Cyberinsurance is sparking interest from enterprises, but how are security risks assessed for policies? Sean Martin takes a closer look at the process.

Editor's note: This is part two of a series on cyberinsurance. Part one of this series examines the growth of the cyberinsurance market and how policies fit within today's enterprise security strategies.

Cyberinsurance has become a bona fide market in recent years, attracting interest from a variety of enterprises and producing billions of dollars in revenue. But the market has also become complicated in terms of assessing risk and developing policies based on those risks. A key reason for this, as demonstrated by the infamous Target breach, is that businesses have more to worry about.

Given the fact that Target was breached through a third-party vendor, it's no longer enough for an organization to look solely at its own risk; businesses also need to look at the cyber risk introduced by their third-party supply chain. "We see cyberinsurance as a baseline requirement just to be able to do business with another company," said William Dixon, vice president at Stroz Friedberg, a cybersecurity and risk management company. "One of the standard questions we ask our vendors and service providers is: Do you have a cyberinsurance policy and what are the coverages associated with that policy?"

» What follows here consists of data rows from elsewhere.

definition admissible :: "('n::finite \<Rightarrow> nat) \<Rightarrow> ('n \<times> 'n) set \<Rightarrow> bool" where
  "admissible lab T \<longleftrightarrow> finite T \<and> (\<forall>I\<in>T. fst I \<noteq> snd I) \<and>
     (\<forall>I\<in>T. \<forall>J\<in>T. I \<noteq> J \<longrightarrow>
        (arc lab I \<inter> arc lab J \<noteq> {} \<and> (arc lab I \<subset> arc lab J \<or> arc lab J \<subset> arc lab I))
      \<or> (arc lab I \<inter> arc lab J = {} \<and> snd I \<noteq> fst J \<and> snd J \<noteq> fst I))"

definition root_vec :: "'n::finite \<times> 'n \<Rightarrow> real^'n" where
  "root_vec I = axis (fst I) 1 - axis (snd I) 1"

definition Root :: "(real^'n::finite) set" where
  "Root = convex hull {axis i 1 - axis j 1 | i j. i \<noteq> j}"

text \<open>Points of the closed geometric simplex of |K_n| spanned by the family T,
  as barycentric weight functions on the vertex set (arcs).\<close>
definition simplex_pts :: "('n::finite \<times> 'n) set \<Rightarrow> ('n \<times> 'n \<Rightarrow> real) set" where
  "simplex_pts T = {w. (\<forall>I. 0 \<le> w I) \<and> (\<forall>I. I \<notin> T \<longrightarrow> w I = 0) \<and> sum w T = 1}"

definition phi :: "('n::finite \<times> 'n \<Rightarrow> real) \<Rightarrow> real^'n" where
  "phi w = (\<Sum>I\<in>{I. fst I \<noteq> snd I}. w I *\<^sub>R root_vec I)"

end

theory Submission
  imports Defs
begin

text \<open>In an admissible family no vertex is both a source and a sink: for \<open>[a,b)\<close> and \<open>[b,c)\<close>
  the point just before \<open>b\<close> lies only in the first arc and \<open>b\<close> only in the second, so they are
  neither nested nor allowed to be disjoint.  An inclusion-minimal arc has an endpoint used by no
  other arc, so the family is a forest and the vectors \<open>e\<^sub>i - e\<^sub>j\<close> are linearly independent (peel
  off leaves).  Finally, with \<open>S\<close> the set of sources, the functional \<open>x \<mapsto> \<Sum>\<^sub>i\<^sub>\<in>\<^sub>S x\<^sub>i\<close> is at most
  \<open>1\<close> on \<open>Root\<^sub>n\<close>, equal to \<open>1\<close> at every \<open>e\<^sub>i - e\<^sub>j\<close> of the family and \<open>-1\<close> at \<open>e\<^sub>j - e\<^sub>i\<close>, so the
  family spans a simplex inside a proper face.\<close>

lemma root_vec_nth:
  "root_vec I $ v = (if v = fst I then 1 else 0) - (if v = snd I then 1 else (0::real))"
  by (simp add: root_vec_def axis_def)

lemma root_vec_coeffs_eq_0:
  fixes T :: "('n::finite \<times> 'n) set"
  assumes nondeg: "\<And>I. I \<in> T \<Longrightarrow> fst I \<noteq> snd I"
    and leaf: "\<And>S. S \<subseteq> T \<Longrightarrow> S \<noteq> {} \<Longrightarrow>
      \<exists>I\<in>S. \<exists>v\<in>{fst I, snd I}. \<forall>J\<in>S - {I}. v \<noteq> fst J \<and> v \<noteq> snd J"
    and comb: "(\<Sum>I\<in>T. c I *\<^sub>R root_vec I) = 0"
  shows "\<forall>I\<in>T. c I = 0"
  using finite[of T] nondeg leaf comb
proof (induction T rule: finite_psubset_induct)
  case (psubset T)
  show ?case
  proof (cases "T = {}")
    case False
    then obtain I0 v where I0: "I0 \<in> T" "v \<in> {fst I0, snd I0}"
      and unshared: "\<forall>J\<in>T - {I0}. v \<noteq> fst J \<and> v \<noteq> snd J"
      using psubset.prems(2) by blast
    have "0 = (\<Sum>J\<in>T. c J *\<^sub>R root_vec J) $ v"
      using psubset.prems(3) by simp
    also have "\<dots> = c I0 * root_vec I0 $ v + (\<Sum>J\<in>T - {I0}. c J * root_vec J $ v)"
      using psubset.hyps(1) I0(1) by (simp add: sum.remove)
    also have "(\<Sum>J\<in>T - {I0}. c J * root_vec J $ v) = 0"
      using unshared by (intro sum.neutral) (auto simp: root_vec_nth)
    finally have "c I0 * root_vec I0 $ v = 0"
      by simp
    moreover have "root_vec I0 $ v \<noteq> 0"
      using I0(2) psubset.prems(1)[OF I0(1)] by (auto simp: root_vec_nth)
    ultimately have c0: "c I0 = 0"
      by simp
    have "(\<Sum>J\<in>T - {I0}. c J *\<^sub>R root_vec J) = 0"
      using psubset.prems(3) psubset.hyps(1) I0(1) c0 by (simp add: sum.remove)
    moreover have "T - {I0} \<subset> T"
      using I0(1) by blast
    ultimately have "\<forall>I\<in>T - {I0}. c I = 0"
      using psubset.prems(1,2) by (intro psubset.IH) auto
    with c0 show ?thesis by blast
  qed simp
qed

lemma independent_root_vecs:
  fixes T :: "('n::finite \<times> 'n) set"
  assumes coeffs: "\<And>c. (\<Sum>I\<in>T. c I *\<^sub>R root_vec I) = 0 \<Longrightarrow> \<forall>I\<in>T. c I = 0"
  shows "inj_on root_vec T" and "independent (root_vec ` T)"
proof -
  show inj: "inj_on root_vec T"
  proof (rule inj_onI, rule ccontr)
    fix I J assume IJ: "I \<in> T" "J \<in> T" "root_vec I = root_vec J" "I \<noteq> J"
    let ?c = "\<lambda>K. if K = I then 1 else if K = J then -1 else (0::real)"
    have "(\<Sum>K\<in>T. ?c K *\<^sub>R root_vec K) = (\<Sum>K\<in>{I, J}. ?c K *\<^sub>R root_vec K)"
      using IJ(1,2) by (intro sum.mono_neutral_right) auto
    also have "\<dots> = 0"
      using IJ(3,4) by simp
    finally show False
      using coeffs IJ(1) by fastforce
  qed
  show "independent (root_vec ` T)"
  proof
    assume "dependent (root_vec ` T)"
    then obtain u where u: "\<exists>v\<in>root_vec ` T. u v \<noteq> 0" "(\<Sum>v\<in>root_vec ` T. u v *\<^sub>R v) = 0"
      by (auto simp: real_vector.dependent_finite)
    then have "(\<Sum>I\<in>T. u (root_vec I) *\<^sub>R root_vec I) = 0"
      by (simp add: sum.reindex[OF inj])
    with u(1) coeffs show False
      by fastforce
  qed
qed

lemma inner_sum_axis_root_vec:
  "(\<Sum>k\<in>S. axis k 1) \<bullet> root_vec I = of_bool (fst I \<in> S) - (of_bool (snd I \<in> S) :: real)"
  by (simp add: root_vec_def inner_sum_left inner_diff_right inner_axis_axis sum.If_cases)

lemma convex_hull_root_vecs_subset_rel_frontier_Root:
  fixes T :: "('n::finite \<times> 'n) set"
  assumes sink_ne_source: "\<And>I J. I \<in> T \<Longrightarrow> J \<in> T \<Longrightarrow> snd I \<noteq> fst J"
  shows "convex hull (root_vec ` T) \<subseteq> rel_frontier Root"
proof (cases "T = {}")
  case False
  then obtain I0 where I0: "I0 \<in> T" by blast
  define S where "S = fst ` T"
  define a :: "real^'n" where "a = (\<Sum>k\<in>S. axis k 1)"
  define F where "F = Root \<inter> {x. a \<bullet> x = 1}"
  have source_in: "fst I \<in> S" and sink_notin: "snd I \<notin> S" if "I \<in> T" for I
    using that sink_ne_source[OF that] by (auto simp: S_def)
  have Root_eq: "Root = convex hull (root_vec ` {I. fst I \<noteq> snd I})"
  proof -
    have "{axis i 1 - axis j 1 | i j. i \<noteq> j} = root_vec ` {I. fst I \<noteq> snd I}"
      by (auto simp: root_vec_def image_def)
    then show ?thesis unfolding Root_def by (rule arg_cong)
  qed
  have a_le: "a \<bullet> x \<le> 1" if "x \<in> Root" for x
  proof -
    have "root_vec ` {I. fst I \<noteq> snd I} \<subseteq> {x. a \<bullet> x \<le> 1}"
      by (auto simp: a_def inner_sum_axis_root_vec)
    then have "Root \<subseteq> {x. a \<bullet> x \<le> 1}"
      unfolding Root_eq by (intro hull_minimal) (simp_all add: convex_halfspace_le)
    with that show ?thesis by blast
  qed
  have "F face_of Root"
    unfolding F_def using a_le by (intro face_of_Int_supporting_hyperplane_le) (simp add: Root_eq)
  moreover have "F \<noteq> Root"
  proof -
    let ?x = "root_vec (snd I0, fst I0)"
    have "?x \<in> Root"
      using sink_ne_source[OF I0 I0] unfolding Root_eq by (intro hull_inc) auto
    moreover have "a \<bullet> ?x = -1"
      using source_in[OF I0] sink_notin[OF I0] by (simp add: a_def inner_sum_axis_root_vec)
    ultimately show ?thesis
      unfolding F_def by (metis (mono_tags) IntD2 mem_Collect_eq one_neq_neg_one)
  qed
  ultimately have "F \<subseteq> rel_frontier Root"
    by (rule face_of_subset_rel_frontier)
  moreover have "root_vec ` T \<subseteq> F"
  proof
    fix x assume "x \<in> root_vec ` T"
    then obtain I where I: "I \<in> T" "x = root_vec I" by blast
    have "x \<in> Root"
      using I sink_ne_source[OF I(1) I(1)] unfolding Root_eq by (intro hull_inc) auto
    moreover have "a \<bullet> x = 1"
      using I source_in[OF I(1)] sink_notin[OF I(1)] by (simp add: a_def inner_sum_axis_root_vec)
    ultimately show "x \<in> F" by (simp add: F_def)
  qed
  then have "convex hull (root_vec ` T) \<subseteq> F"
    unfolding F_def Root_eq by (intro hull_minimal) (simp_all add: convex_Int convex_hyperplane)
  ultimately show ?thesis by blast
qed simp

Large organizations may consider cyberinsurance a must-have, but this can't be the only factor to consider. "If you plan to do business with a large company or are being entrusted by a business partner with data that could have some classification other than public, you should see that as a signal that cyberinsurance should be considered," Dixon said.

For example, a 10-person post-production shop operating out of a garage that is working for a large movie studio might find it cost-prohibitive to hire a CISO and/or to run a formal cybersecurity program. However, this doesn't mean they are off the hook. Working through a cyberinsurance assessment as a third-party vendor could help offset the financial risk for the business they are working for. At a minimum, experts say, it would show that they have some mitigating controls in place.

"The decision to take out a cyberinsurance policy isn't just related to size," Dixon added. "It's more about the classification of the data and how critical that data, as well as the third-party business process surrounding it, are to the business."

How is cyberinsurance coverage determined?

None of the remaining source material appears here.